The wooden boat movement got started in the US.  I recently read Iain Oughtred: A Life in Wooden Boats, and was surprised to learn how late the movement was in getting started outside the US.  No one had done as much as Chapelle did in documenting the workboats of other nations.  Those books that were available didn't include offsets, so you couldn't loft a boat from them.  Oughtred has partially filled that gap for British types, most notably double-enders based on the Scottish Yole.  But at the point where the wooden boat movement in the US had matured to the point where it had its own magazine, Oughtred was having a difficult time establishing himself in Britain.  WoodenBoat magazine, searching for signs of a wooden boat movement in England, 'discovered' Oughtred, and by publicizing his work helped give the British enthusiasts a push.

But I have to wonder where all this would be without American Small Sailing Craft, and what my life would be like without it. I discovered the book after I'd discovered the joys of sailing, while my family was living on Okinawa, where wooden boats of traditional design were very necessary for many people to make their living. (Information on the traditional sabani here.)

And I'd learned to sail in Maine, where traditional wooden boats were still loved and used (and are, to this day.)

And my first boat was a Thai sampoa, similar to the lower picture here, which I had built for me some years ago, which now hangs in the rafters of the boathouse at the Center for Wooden Boats.
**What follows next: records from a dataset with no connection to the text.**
(* Let $\{S^n\}_{n\in\mathbb{N}}$ be an exponentially regular, exponentially nearly additive $\mathbb{R}^h$-valued process with $\sup_{n\in\mathbb{N}}|\Lambda^n|^{-1}\log\mathbb{E}[\exp(\langle\lambda,S^n\rangle)]<\infty$ for all $\lambda\in\mathbb{R}^h$. Then $\{S^n/|\Lambda^n|\}_{n\in\mathbb{N}}$ is exponentially tight with speed $|\Lambda^n|$, and for every $f\in\mathscr{F}(\mathbb{R}^h)$ the limit $\lim_{n\to\infty}|\Lambda^n|^{-1}\Gamma_n(f)$ exists in $[-\infty,\infty)$.
   Context: Fix $d,h\in\mathbb{N}$, $|\Lambda^n|=(2n)^d$. Exponential near additivity and exponential regularity are as follows. Exponentially $r$-nearly additive: there exist $\{S^{n,z}\}_{n\in\mathbb{N},z\in\mathbb{Z}^d}$, with $\{S^{n,z}\}_z$ independent copies of $S^n$ for each $n$, such that for all $\varepsilon,C>0$ there is an integer $K>r$ with $P(\|S^{(2m+1)k}-\sum_{z\in\mathbb{Z}^d\cap[-m,m]^d}S^{k-r,z}\|>\varepsilon|\Lambda^{(2m+1)k}|)\le e^{-C|\Lambda^{(2m+1)k}|}$ for all $k\ge K$, $m\in\mathbb{N}$; exponentially nearly additive = this for some integer $r\ge0$. Exponentially regular: for each $k$, with $(2m_n+1)k\le n<(2m_n+3)k$, for all $\varepsilon,C>0$ there is $N$ with $P(\|S^n-S^{(2m_n+1)k}\|>\varepsilon|\Lambda^n|)\le e^{-C|\Lambda^n|}$ for $n\ge N$. Exponentially tight with speed $|\Lambda^n|$: for every $\alpha>0$ there is a compact $K\subset\mathbb{R}^h$ with $\limsup_n|\Lambda^n|^{-1}\log P(S^n/|\Lambda^n|\notin K)\le-\alpha$. $\Gamma_n(f)=\log\mathbb{E}[\exp(|\Lambda^n|f(S^n/|\Lambda^n|))]\in(-\infty,\infty]$. $\mathscr{F}(\mathbb{R}^h)$ is the class of Lipschitz continuous concave real functions on $\mathbb{R}^h$. *)

theory Defs
  imports "HOL-Probability.Probability"
begin

text \<open>Volume of the box Lambda^n in dimension d: |Lambda^n| = (2n)^d.\<close>
definition lam :: "nat \<Rightarrow> nat \<Rightarrow> real" where
  "lam d n = real ((2 * n) ^ d)"

definition lnE :: "real \<Rightarrow> ereal" where
  "lnE p = (if p \<le> 0 then -\<infinity> else ereal (ln p))"

definition lnEnn :: "ennreal \<Rightarrow> ereal" where
  "lnEnn x = (if x = \<top> then \<infinity> else lnE (enn2real x))"

definition Gamma :: "'a measure \<Rightarrow> nat \<Rightarrow> (nat \<Rightarrow> 'a \<Rightarrow> 'v::real_normed_vector)
     \<Rightarrow> nat \<Rightarrow> ('v \<Rightarrow> real) \<Rightarrow> ereal" where
  "Gamma M d S n f =
     lnEnn (\<integral>\<^sup>+ \<omega>. ennreal (exp (lam d n * f (scaleR (1 / lam d n) (S n \<omega>)))) \<partial>M)"

text \<open>Box [-m,m]^d intersected with Z^d, with Z^d modelled as 'd => int.\<close>
definition box_pts :: "nat \<Rightarrow> ('d::finite \<Rightarrow> int) set" where
  "box_pts m = {z. \<forall>i. \<bar>z i\<bar> \<le> int m}"

definition exp_nearly_additive ::
  "'a measure \<Rightarrow> (nat \<Rightarrow> 'a \<Rightarrow> 'v::euclidean_space) \<Rightarrow> 'd::finite itself \<Rightarrow> bool" where
  "exp_nearly_additive M S (_::'d itself) \<longleftrightarrow>
     (\<exists>r::nat. \<exists>S' :: nat \<Rightarrow> ('d \<Rightarrow> int) \<Rightarrow> 'a \<Rightarrow> 'v.
        (\<forall>n. prob_space.indep_vars M (\<lambda>_. borel) (S' n) UNIV \<and>
             (\<forall>z. distr M borel (S' n z) = distr M borel (S n))) \<and>
        (\<forall>\<epsilon>>0. \<forall>C>0. \<exists>K::nat. K > r \<and> (\<forall>k\<ge>K. \<forall>m\<ge>1.
           measure M {\<omega>\<in>space M.
              norm (S ((2*m+1)*k) \<omega> - (\<Sum>z\<in>box_pts m. S' (k - r) z \<omega>))
                > \<epsilon> * lam CARD('d) ((2*m+1)*k)}
            \<le> exp (- C * lam CARD('d) ((2*m+1)*k)))))"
It's given me a connection to the long life of mankind, to the Australian aborigines who crossed the Wallace Line long, long ago -- genetic studies indicate they split off from the rest of humanity between 62,000 and 75,000 years ago, and the only way to get to Australia then was by boat, which is why, when Europeans arrived, they found that humans and dogs were the only placental mammals on the continent except for bats, who could fly there.

It's given me a connection to my father's favorite uncle, Alec MacBeath, said to have been an Astoria pilot. The only picture I have of him is on a small wooden vessel with a distinctive rail that allowed the pilots something to grip without limiting their ability to grab a ladder and climb up the side of a ship, so she was probably a boarding boat..
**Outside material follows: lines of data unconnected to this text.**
(* Let $p$ be a prime and $n \geq 2$. Let $N$ be the cyclic group of order $p^n$, let $K$ be the Sylow $p$-subgroup of $\mathrm{Aut}(N)$, and let $G := N \rtimes K$ (with the natural action). Then $G$ is weakly-top.
   Context: For a group $H$, $H'$ denotes its commutator subgroup. A finite group $G$ is weakly-top if $|H/H'| \leq |G/G'|$ for every proper subgroup $H<G$. *)

theory Defs
  imports "HOL-Algebra.Algebra" "HOL-Computational_Algebra.Primes"
begin

definition abelianization_order :: "('a, 'b) monoid_scheme \<Rightarrow> nat" where
  "abelianization_order G = order (G Mod derived G (carrier G))"

definition weakly_top :: "('a, 'b) monoid_scheme \<Rightarrow> bool" where
  "weakly_top G \<longleftrightarrow> group G \<and> finite (carrier G) \<and>
     (\<forall>H. subgroup H G \<and> H \<noteq> carrier G \<longrightarrow>
        abelianization_order (G\<lparr>carrier := H\<rparr>) \<le> abelianization_order G)"

definition sylow_subgroup :: "('a, 'b) monoid_scheme \<Rightarrow> nat \<Rightarrow> 'a set \<Rightarrow> bool" where
  "sylow_subgroup G p K \<longleftrightarrow> subgroup K G \<and> card K = p ^ multiplicity p (order G)"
Not that I have chosen to build replicas of old workboats for myself, although I love sailing them, and learning from them how the old sailors thought, and how different their boats were from modern yachts.. I've studied them since those long-ago days, daydreaming over a library copy as a teenager, and tried to apply what I've learned to my own boats, Black Swan and Meerkat.

And of course, I've learned that boats are not just tools for moving. They come to signify things to us, like adventure and exploration, like excitement mellowed with faith in their seaworthiness. The boat becomes an extension of you, a companion who speaks in creaks and whistles with its rigging, needs your care, and to be kept in mind, and carries you safe home from the storm. Whether you're nursing a frail old bundle of sticks along or getting to know one still smelling fresh with the first coats of paint, a wooden boat is such a made thing, such a living thing, it has a good deal of humanity in it (and in the case of those I've built, the vessels share some DNA with me, from the clumsy use of a chisel, but perhaps not enough to be a blood relative.)*

And all this became part of my life because Howard Chapelle was interested enough to make the knowledge of such boats his life work.

* From Master and Commander:
"He says there's enough of his blood in the
woodwork for the ship to almost be a relation."